┌─ DATA PROVIDED

lemma sign_controlled_edge_step:
  fixes \<theta> \<beta> :: "real \<Rightarrow> real vec"
  assumes edges: "\<forall>e<m. src e < n \<and> dst e < n \<and> src e \<noteq> dst e"
    and \<theta>_dim: "\<forall>\<tau>. \<theta> \<tau> \<in> carrier_vec n"
    and \<beta>_def: "\<forall>\<tau>. \<beta> \<tau> = transpose_mat (incB n m src dst) *\<^sub>v \<theta> \<tau>"
    and g: "g < m" and k2: "k2 > 0" and T: "T0 < T"
    and gap: "\<bar>\<beta> T0 $ g\<bar> < k2 * (T - T0)"
    and flow: "\<And>p s s'. p < n \<Longrightarrow> T0 \<le> s \<Longrightarrow> s \<le> s' \<Longrightarrow> s' \<le> T \<Longrightarrow>
      ((\<lambda>\<tau>. w + (if p = dst g then k2 * sgn (\<beta> \<tau> $ g) else 0)) has_integral \<theta> s' $ p - \<theta> s $ p)
        {s..s'}"
  shows "\<beta> T = (1\<^sub>m m + transpose_mat (incB n m src dst) * incD n m dst * Emat m g) *\<^sub>v \<beta> T0
    \<and> \<beta> T $ g = 0"
proof -
  have ends: "src g < n" "dst g < n" "src g \<noteq> dst g" using edges g by auto
  have \<beta>_g: "\<beta> \<tau> $ g = \<theta> \<tau> $ src g - \<theta> \<tau> $ dst g" for \<tau>
    using \<beta>_def \<theta>_dim transpose_incB_mult_vec_nth[where src = src and dst = dst, OF _ g ends(1,2)]
    by simp
  have drift: "\<theta> s' $ p - \<theta> s $ p = w * (s' - s)"
    if "p < n" "p \<noteq> dst g" "T0 \<le> s" "s \<le> s'" "s' \<le> T" for p s s'
    using has_integral_unique[OF flow[OF that(1,3-5)]] has_integral_const_interval[OF that(4)] that(2)
    by simp
  have edge_change: "\<beta> s $ g - \<beta> s' $ g = \<theta> s' $ dst g - \<theta> s $ dst g - w * (s' - s)"
    if ss: "T0 \<le> s" "s \<le> s'" "s' \<le> T" for s s'
    using drift[OF ends(1) ends(3) ss] by (simp add: \<beta>_g)
  interpret sign_feedback k2 T0 T "\<lambda>\<tau>. \<beta> \<tau> $ g"
  proof
    fix s s' assume ss: "T0 \<le> s" "s \<le> s'" "s' \<le> T"
    have "((\<lambda>\<tau>. (w + k2 * sgn (\<beta> \<tau> $ g)) - w)
        has_integral (\<theta> s' $ dst g - \<theta> s $ dst g) - w * (s' - s)) {s..s'}"
      using flow[OF ends(2) ss] by (intro has_integral_diff has_integral_const_interval ss(2)) simp
    then show "((\<lambda>\<tau>. k2 * sgn (\<beta> \<tau> $ g)) has_integral \<beta> s $ g - \<beta> s' $ g) {s..s'}"
      by (simp add: edge_change[OF ss])
  qed (rule k2)
  have zero: "\<beta> T $ g = 0" by (rule reaches_zero[OF T gap])
  have shift: "\<theta> T $ p = \<theta> T0 $ p + w * (T - T0) + (if p = dst g then \<beta> T0 $ g else 0)"
    if "p < n" for p
    using drift[OF that _ order_refl less_imp_le[OF T] order_refl]
      edge_change[OF order_refl less_imp_le[OF T] order_refl] zero
    by (cases "p = dst g") auto
  have "\<beta> T = (1\<^sub>m m + transpose_mat (incB n m src dst) * incD n m dst * Emat m g) *\<^sub>v \<beta> T0"
    using transpose_incB_node_shift[of m src n dst g "\<theta> T0" "\<theta> T"] edges g \<theta>_dim shift \<beta>_def
    by simp
  with zero show ?thesis by simp
qed
(* Let $\Omega\subset\mathbb{R}^d$ be compact, $T,N\in\mathbb{N}$, let $F_{\tilde\xi_{t,n}}:\mathbb{R}^d\to\mathbb{R}^{d'}$ be affine maps and $\tilde\theta_{t,n}$ unmasked attention parameters with $d_{\mathrm{in}}(\tilde\theta_{t,n})=d'$ ($t\in[T]$, $n\in[N]$), and let $G(\mu,x)=\sum_{n=1}^N(\Gamma_{\tilde\theta_{1,n}}\diamond F_{\tilde\xi_{1,n}})(\mu,x)\odot\cdots\odot(\Gamma_{\tilde\theta_{T,n}}\diamond F_{\tilde\xi_{T,n}})(\mu,x)$. Then for every $\varepsilon>0$ there exists an MLP $\Phi:\mathbb{R}^{2d'}\to\mathbb{R}^{d'}$ such that $|G(\mu,x)-G_\Phi(\mu,x)|\le\varepsilon$ for all $(\mu,x)\in\mathcal{P}(\Omega)\times\Omega$, where, writing $g_{t,n}(\mu,x)=(\Gamma_{\tilde\theta_{t,n}}\diamond F_{\tilde\xi_{t,n}})(\mu,x)$ and $\mathbf 1_{d'}=(1,\dots,1)\in\mathbb{R}^{d'}$, $$G_\Phi(\mu,x)=\sum_{n=1}^N\Phi\Big(g_{T,n}(\mu,x),\Phi\big(g_{T-1,n}(\mu,x),\cdots\Phi\big(g_{2,n}(\mu,x),\Phi(g_{1,n}(\mu,x),\mathbf 1_{d'})\big)\cdots\big)\Big).$$
   Context: $\odot$ is componentwise multiplication. Unmasked attention $\Gamma_\theta(\mu,x)=x+\sum_{h=1}^HW^h\int\frac{\exp(\frac1{\sqrt k}\langle Q^hx,K^hy\rangle)}{\int\exp(\frac1{\sqrt k}\langle Q^hx,K^hz\rangle)d\mu(z)}V^hy\,d\mu(y)$ with $\theta=(W^h,K^h,Q^h,V^h)_{h=1}^H$, $K^h,Q^h\in\mathbb{R}^{k\times d_{\mathrm{in}}}$, $V^h\in\mathbb{R}^{d_{\mathrm{head}}\times d_{\mathrm{in}}}$, $W^h\in\mathbb{R}^{d_{\mathrm{in}}\times d_{\mathrm{head}}}$. $(\Gamma\diamond F)(\mu,x)=\Gamma(F_\sharp\mu,F(x))$ for an affine (context-free) map $F$. An MLP is a map $A_K\circ\rho\circ\cdots\circ\rho\circ A_1$ with affine $A_j$ and componentwise ReLU activation $\rho$. *)

theory Defs
  imports "HOL-Analysis.Analysis" "HOL-Probability.Probability"
begin

text \<open>Attention parameters with input dimension d_in = CARD('e).
  heads = H, kdim = k, hdim = d_head.
  Wm h j i : entry (j,i) of W^h (j::'e, i < d_head);
  Km h i j, Qm h i j : entries of K^h, Q^h (i < k, j::'e);
  Vm h i j : entries of V^h (i < d_head, j::'e).\<close>
record 'e attn_params =
  heads :: nat
  kdim :: nat
  hdim :: nat
  Wm :: "nat \<Rightarrow> 'e \<Rightarrow> nat \<Rightarrow> real"
  Km :: "nat \<Rightarrow> nat \<Rightarrow> 'e \<Rightarrow> real"
  Qm :: "nat \<Rightarrow> nat \<Rightarrow> 'e \<Rightarrow> real"
  Vm :: "nat \<Rightarrow> nat \<Rightarrow> 'e \<Rightarrow> real"

definition attn_score :: "('e::finite) attn_params \<Rightarrow> nat \<Rightarrow> real^'e \<Rightarrow> real^'e \<Rightarrow> real" where
  "attn_score th h x y =
     (1 / sqrt (real (kdim th))) *
     (\<Sum>i<kdim th. (\<Sum>l\<in>UNIV. Qm th h i l * x$l) * (\<Sum>l\<in>UNIV. Km th h i l * y$l))"

definition Gamma :: "('e::finite) attn_params \<Rightarrow> (real^'e) measure \<Rightarrow> real^'e \<Rightarrow> real^'e" where
  "Gamma th \<mu> x = x + (\<Sum>h\<in>{1..heads th}. (\<chi> j. \<Sum>i<hdim th. Wm th h j i *
       (\<integral>y. (exp (attn_score th h x y) / (\<integral>z. exp (attn_score th h x z) \<partial>\<mu>))
              * (\<Sum>l\<in>UNIV. Vm th h i l * y$l) \<partial>\<mu>)))"

definition Gamma_diamond :: "('e::finite) attn_params \<Rightarrow> (real^'d \<Rightarrow> real^'e) \<Rightarrow> (real^'d::finite) measure \<Rightarrow> real^'d \<Rightarrow> real^'e" where
  "Gamma_diamond th F \<mu> x = Gamma th (distr \<mu> borel F) (F x)"

definition prob_on :: "('a::topological_space) set \<Rightarrow> 'a measure \<Rightarrow> bool" where
  "prob_on \<Omega> \<mu> \<longleftrightarrow> prob_space \<mu> \<and> sets \<mu> = sets borel \<and> emeasure \<mu> \<Omega> = 1"

definition relu :: "(nat \<Rightarrow> real) \<Rightarrow> nat \<Rightarrow> real" where
  "relu v = (\<lambda>i. max 0 (v i))"

text \<open>Hidden layers: (A, b, m) is the affine map v \<mapsto> A v + b reading the first m
  input coordinates; each hidden layer is followed by ReLU.\<close>
fun eval_hidden :: "((nat \<Rightarrow> nat \<Rightarrow> real) \<times> (nat \<Rightarrow> real) \<times> nat) list \<Rightarrow> (nat \<Rightarrow> real) \<Rightarrow> (nat \<Rightarrow> real)" where
  "eval_hidden [] v = v"
| "eval_hidden ((A, b, m) # Ls) v = eval_hidden Ls (relu (\<lambda>i. b i + (\<Sum>j<m. A i j * v j)))"

text \<open>An MLP A_K o rho o ... o rho o A_1 from real^'a to real^'b:
  either K = 1 (a single affine map) or K >= 2 with first layer A_1 into nat-indexed
  hidden coordinates, further hidden layers, and last layer A_K reading m coordinates.\<close>
definition is_mlp :: "(real^'a::finite \<Rightarrow> real^'b::finite) \<Rightarrow> bool" where
  "is_mlp \<Phi> \<longleftrightarrow>
     (\<exists>(A :: real^'a^'b) b. \<Phi> = (\<lambda>v. A *v v + b)) \<or>
     (\<exists>(A1 :: nat \<Rightarrow> 'a \<Rightarrow> real) (b1 :: nat \<Rightarrow> real) Ls (AK :: 'b \<Rightarrow> nat \<Rightarrow> real) (bK :: real^'b) m.
        \<Phi> = (\<lambda>v. let h = eval_hidden Ls (relu (\<lambda>i. b1 i + (\<Sum>j\<in>UNIV. A1 i j * v$j)))
                 in (\<chi> j. bK$j + (\<Sum>i<m. AK j i * h i))))"
(* Let $R$ be a blind bisimulation on the nodes of a $\lambda$-graph $G$. Let $n,m$ be nodes with $n\,R\,m$ and $\tau$ a trace such that the path $n\xrightarrow{\tau}$ crosses an abstraction node $l$ and the path $m\xrightarrow{\tau}$ crosses an abstraction node $l'$. Then $l\,R\,l'$ holds if and only if $\mathrm{idx}(l,n\xrightarrow{\tau})=\mathrm{idx}(l',m\xrightarrow{\tau})$.
   Context: A pre-$\lambda$-graph is a directed graph whose nodes are of four kinds: an application node $@(n_1,n_2)$ has exactly two children, its left child $n_1$ and its right child $n_2$; an abstraction node $\lambda(n)$ has exactly one child, its body $n$; a free variable node has no children and carries an atom $\mathrm{id}(n)$ from a fixed set of atoms, distinct free variable nodes carrying distinct atoms; a bound variable node $\mathrm{var}(l)$ has exactly one outgoing binding edge, to an abstraction node $l$ (its binder). Letters $l,l'$ denote abstraction nodes. A trace is a finite sequence of directions from $\{\swarrow,\downarrow,\searrow\}$; $\epsilon$ is the empty trace and $d\cdot\tau$ is the trace $\tau$ extended by one final step $d$. Paths $n\xrightarrow{\tau}m$ are defined inductively: $n\xrightarrow{\epsilon}n$; if $n\xrightarrow{\tau}\lambda(m)$ then $n\xrightarrow{\downarrow\cdot\tau}m$; if $n\xrightarrow{\tau}@(m_1,m_2)$ then $n\xrightarrow{\swarrow\cdot\tau}m_1$ and $n\xrightarrow{\searrow\cdot\tau}m_2$ (binding edges are never followed). We write $n\xrightarrow{\tau}$ if $n\xrightarrow{\tau}m$ for some $m$. The path $n\xrightarrow{\tau}$ crosses a node $m$ if either $n\xrightarrow{\tau}m$, or $\tau=d\cdot\tau'$ and $n\xrightarrow{\tau'}$ crosses $m$. A root is a node $r$ such that the only path ending in $r$ has the empty trace. A node $m$ dominates $n$ if every path from a root to $n$ crosses $m$. A $\lambda$-graph is a pre-$\lambda$-graph that has finitely many nodes, is acyclic ($n\xrightarrow{\tau}n$ holds only for $\tau=\epsilon$), and is dominated (every bound variable node $\mathrm{var}(l)$ is dominated by its binder $l$). Two nodes are homogeneous if both are application nodes, or both abstraction nodes, or both free variable nodes, or both bound variable nodes; a binary relation $R$ on nodes is homogeneous if it only relates homogeneous nodes. Rules: $(\swarrow)$: $@(n_1,n_2)\,R\,@(m_1,m_2)$ implies $n_1\,R\,m_1$; $(\searrow)$: $@(n_1,n_2)\,R\,@(m_1,m_2)$ implies $n_2\,R\,m_2$; $(\downarrow)$: $\lambda(n)\,R\,\lambda(m)$ implies $n\,R\,m$. $R$ is propagated if closed under $(\swarrow),(\downarrow),(\searrow)$. A blind bisimulation is a homogeneous propagated relation. For a path $n\xrightarrow{\tau}$ crossing an abstraction node $l$, the index $\mathrm{idx}(l,n\xrightarrow{\tau})$ is defined by induction on the crossing: it is $0$ if $n\xrightarrow{\tau}l$; for $n\xrightarrow{d\cdot\tau}l'$ with $l'$ an abstraction node different from $l$ it is $\mathrm{idx}(l,n\xrightarrow{\tau})+1$; for $n\xrightarrow{d\cdot\tau}m$ with $m$ not an abstraction node it is $\mathrm{idx}(l,n\xrightarrow{\tau})$. *)

theory Defs
  imports Main
begin

text \<open>Node kinds: a node is labelled by its kind; children / binder are nodes of type 'n,
  free variables carry atoms of type 'a.\<close>
datatype ('n, 'a) kind = App 'n 'n | Abs 'n | FVar 'a | BVar 'n

datatype dir = SW | Down | SE

text \<open>A trace is a list of directions; the extension d\<cdot>\<tau> of \<tau> by a final step d is d # \<tau>.\<close>
type_synonym trace = "dir list"

text \<open>A pre-lambda-graph: node set N and labelling lab (only meaningful on N).\<close>
definition pre_lambda_graph :: "'n set \<Rightarrow> ('n \<Rightarrow> ('n, 'a) kind) \<Rightarrow> bool" where
  "pre_lambda_graph N lab \<longleftrightarrow>
     (\<forall>v\<in>N. \<forall>n1 n2. lab v = App n1 n2 \<longrightarrow> n1 \<in> N \<and> n2 \<in> N) \<and>
     (\<forall>v\<in>N. \<forall>b. lab v = Abs b \<longrightarrow> b \<in> N) \<and>
     (\<forall>v\<in>N. \<forall>l. lab v = BVar l \<longrightarrow> l \<in> N \<and> (\<exists>b. lab l = Abs b)) \<and>
     (\<forall>v\<in>N. \<forall>w\<in>N. \<forall>x. lab v = FVar x \<and> lab w = FVar x \<longrightarrow> v = w)"

inductive path :: "'n set \<Rightarrow> ('n \<Rightarrow> ('n, 'a) kind) \<Rightarrow> 'n \<Rightarrow> trace \<Rightarrow> 'n \<Rightarrow> bool"
  for N lab where
  path_eps: "n \<in> N \<Longrightarrow> path N lab n [] n"
| path_down: "path N lab n \<tau> m \<Longrightarrow> lab m = Abs m' \<Longrightarrow> path N lab n (Down # \<tau>) m'"
| path_sw: "path N lab n \<tau> m \<Longrightarrow> lab m = App m1 m2 \<Longrightarrow> path N lab n (SW # \<tau>) m1"
| path_se: "path N lab n \<tau> m \<Longrightarrow> lab m = App m1 m2 \<Longrightarrow> path N lab n (SE # \<tau>) m2"

definition has_path :: "'n set \<Rightarrow> ('n \<Rightarrow> ('n, 'a) kind) \<Rightarrow> 'n \<Rightarrow> trace \<Rightarrow> bool" where
  "has_path N lab n \<tau> \<longleftrightarrow> (\<exists>m. path N lab n \<tau> m)"

fun crosses_aux :: "'n set \<Rightarrow> ('n \<Rightarrow> ('n, 'a) kind) \<Rightarrow> 'n \<Rightarrow> trace \<Rightarrow> 'n \<Rightarrow> bool" where
  "crosses_aux N lab n [] m \<longleftrightarrow> path N lab n [] m"
| "crosses_aux N lab n (d # \<tau>) m \<longleftrightarrow> path N lab n (d # \<tau>) m \<or> crosses_aux N lab n \<tau> m"

definition crosses :: "'n set \<Rightarrow> ('n \<Rightarrow> ('n, 'a) kind) \<Rightarrow> 'n \<Rightarrow> trace \<Rightarrow> 'n \<Rightarrow> bool" where
  "crosses N lab n \<tau> m \<longleftrightarrow> has_path N lab n \<tau> \<and> crosses_aux N lab n \<tau> m"

definition is_abs :: "('n \<Rightarrow> ('n, 'a) kind) \<Rightarrow> 'n \<Rightarrow> bool" where
  "is_abs lab v \<longleftrightarrow> (\<exists>b. lab v = Abs b)"

definition is_root :: "'n set \<Rightarrow> ('n \<Rightarrow> ('n, 'a) kind) \<Rightarrow> 'n \<Rightarrow> bool" where
  "is_root N lab r \<longleftrightarrow> r \<in> N \<and> (\<forall>n \<tau>. path N lab n \<tau> r \<longrightarrow> \<tau> = [])"

definition dominates :: "'n set \<Rightarrow> ('n \<Rightarrow> ('n, 'a) kind) \<Rightarrow> 'n \<Rightarrow> 'n \<Rightarrow> bool" where
  "dominates N lab m n \<longleftrightarrow> (\<forall>r \<tau>. is_root N lab r \<and> path N lab r \<tau> n \<longrightarrow> crosses N lab r \<tau> m)"

definition lambda_graph :: "'n set \<Rightarrow> ('n \<Rightarrow> ('n, 'a) kind) \<Rightarrow> bool" where
  "lambda_graph N lab \<longleftrightarrow> pre_lambda_graph N lab \<and> finite N \<and>
     (\<forall>n \<tau>. path N lab n \<tau> n \<longrightarrow> \<tau> = []) \<and>
     (\<forall>v\<in>N. \<forall>l. lab v = BVar l \<longrightarrow> dominates N lab l v)"

fun same_kind :: "('n, 'a) kind \<Rightarrow> ('n, 'a) kind \<Rightarrow> bool" where
  "same_kind (App _ _) (App _ _) = True"
| "same_kind (Abs _) (Abs _) = True"
| "same_kind (FVar _) (FVar _) = True"
| "same_kind (BVar _) (BVar _) = True"
| "same_kind _ _ = False"

definition homogeneous :: "('n \<Rightarrow> ('n, 'a) kind) \<Rightarrow> ('n \<times> 'n) set \<Rightarrow> bool" where
  "homogeneous lab R \<longleftrightarrow> (\<forall>(n, m)\<in>R. same_kind (lab n) (lab m))"

definition propagated :: "('n \<Rightarrow> ('n, 'a) kind) \<Rightarrow> ('n \<times> 'n) set \<Rightarrow> bool" where
  "propagated lab R \<longleftrightarrow>
     (\<forall>n m n1 n2 m1 m2. (n, m) \<in> R \<and> lab n = App n1 n2 \<and> lab m = App m1 m2 \<longrightarrow>
        (n1, m1) \<in> R \<and> (n2, m2) \<in> R) \<and>
     (\<forall>n m b c. (n, m) \<in> R \<and> lab n = Abs b \<and> lab m = Abs c \<longrightarrow> (b, c) \<in> R)"

definition blind_bisim :: "'n set \<Rightarrow> ('n \<Rightarrow> ('n, 'a) kind) \<Rightarrow> ('n \<times> 'n) set \<Rightarrow> bool" where
  "blind_bisim N lab R \<longleftrightarrow> R \<subseteq> N \<times> N \<and> homogeneous lab R \<and> propagated lab R"

fun idx :: "'n set \<Rightarrow> ('n \<Rightarrow> ('n, 'a) kind) \<Rightarrow> 'n \<Rightarrow> 'n \<Rightarrow> trace \<Rightarrow> nat" where
  "idx N lab l n [] = 0"
| "idx N lab l n (d # \<tau>) =
     (if path N lab n (d # \<tau>) l then 0
      else idx N lab l n \<tau> + (if \<exists>l'. path N lab n (d # \<tau>) l' \<and> is_abs lab l' then 1 else 0))"

end

theory Submission
  imports Defs
begin

text \<open>
Both paths follow the same trace, so a blind bisimulation relates their endpoints step by step,
and related nodes admit exactly the same traces. Inducting on the trace, the indices can only
disagree when one of the two abstractions is the current endpoint while the other was crossed
strictly earlier. Such a pair is never related: in a finite acyclic graph the length of the
longest path leaving a node strictly decreases along paths, yet it is the same for related nodes.
\<close>

fun child_along :: "dir \<Rightarrow> ('n, 'a) kind \<Rightarrow> 'n \<Rightarrow> bool" where
  "child_along Down (Abs b) w \<longleftrightarrow> w = b"
| "child_along SW (App n1 n2) w \<longleftrightarrow> w = n1"
| "child_along SE (App n1 n2) w \<longleftrightarrow> w = n2"
| "child_along _ _ _ \<longleftrightarrow> False"
(* For any prime $p>3$, $$\binom{\frac12p-1}{p-1}\binom{2p-1}{p-1}\equiv 1-\frac7{12}p^3B_{p-3}\pmod{p^4}.$$
   Context: For rational $x$ and integer $n\ge0$, $\binom{x}{n}=\frac{x(x-1)\cdots(x-n+1)}{n!}$. $B_0,B_1,\dots$ are the Bernoulli numbers. A congruence $a\equiv b\pmod{p^m}$ between rational numbers means that $(a-b)/p^m$ is a rational number whose denominator is not divisible by $p$. *)

theory Defs
  imports Complex_Main "HOL-Computational_Algebra.Primes"
begin

text \<open>Bernoulli numbers B_0, B_1, ... with B_0 = 1 and
  sum_{k=0}^{n} C(n+1,k) B_k = 0 for n \<ge> 1 (so B_1 = -1/2).\<close>
fun bernoulli :: "nat \<Rightarrow> rat" where
  "bernoulli n = (if n = 0 then 1
     else - (\<Sum>k<n. of_nat ((n + 1) choose k) * bernoulli k) / of_nat (n + 1))"

definition rat_cong_pow :: "rat \<Rightarrow> rat \<Rightarrow> nat \<Rightarrow> nat \<Rightarrow> bool" where
  "rat_cong_pow a b p m \<longleftrightarrow>
     \<not> (int p dvd snd (quotient_of ((a - b) / (of_nat p ^ m))))"

end

theory Submission
  imports Defs "HOL-Number_Theory.Residues"
begin

(*
  Writing both binomial coefficients as products over 0 < k < p gives
    ((p/2 - 1) gchoose (p - 1)) * ((2p - 1) choose (p - 1)) = prod (1 - p/(2k)) * prod (1 - 2p/k),
  and for every p-integral t one has prod (1 - tp/k) = 1 + t(1 - t)/3 * p^3 B_{p-3} (mod p^4),
  so that t = 1/2 and t = 2 contribute the factors 1 + p^3 B_{p-3}/12 and 1 - 2p^3 B_{p-3}/3.
  Expanding the product to third order in the sums H_r = sum 1/k^r reduces that congruence to
    2 H_1 + p H_2 = 0 (mod p^3),   3 H_2 = 2p B_{p-3} (mod p^2),   H_3 = 0 (mod p).
  The first and the last follow by pairing k with p - k. For the middle one, writing the odd
  k < p as 2j - p relates H_2 to the sum of 1/j^3 = j^(p-4) (mod p) over p/2 < j < p; the same
  substitution in Faulhaber's congruence sum_{k<p} k^(p-3) = p B_{p-3} (mod p^2) shows that this
  half sum is 2 B_{p-3} modulo p.
*)

section \<open>Bernoulli numbers and sums of powers\<close>

declare bernoulli.simps [simp del]

lemma of_nat_Suc_mult_bernoulli:
  "0 < n \<Longrightarrow> of_nat (Suc n) * bernoulli n = - (\<Sum>k<n. of_nat (Suc n choose k) * bernoulli k)"
  by (subst bernoulli.simps) (simp del: of_nat_Suc)

lemma bernoulli_recurrence:
  "(\<Sum>k\<le>n. of_nat (Suc n choose k) * bernoulli k) = (if n = 0 then 1 else 0)"
  using of_nat_Suc_mult_bernoulli[of n]
  by (cases "n = 0") (simp_all add: bernoulli.simps lessThan_Suc_atMost[symmetric])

└─

- **ACTIVITY**: Which lines of the data contain the word "shows"? Copy each one.

- **RESULT BELOW**:
  shows "\<beta> T = (1\<^sub>m m + transpose_mat (incB n m src dst) * incD n m dst * Emat m g) *\<^sub>v \<beta> T0
  substitution in Faulhaber's congruence sum_{k<p} k^(p-3) = p B_{p-3} (mod p^2) shows that this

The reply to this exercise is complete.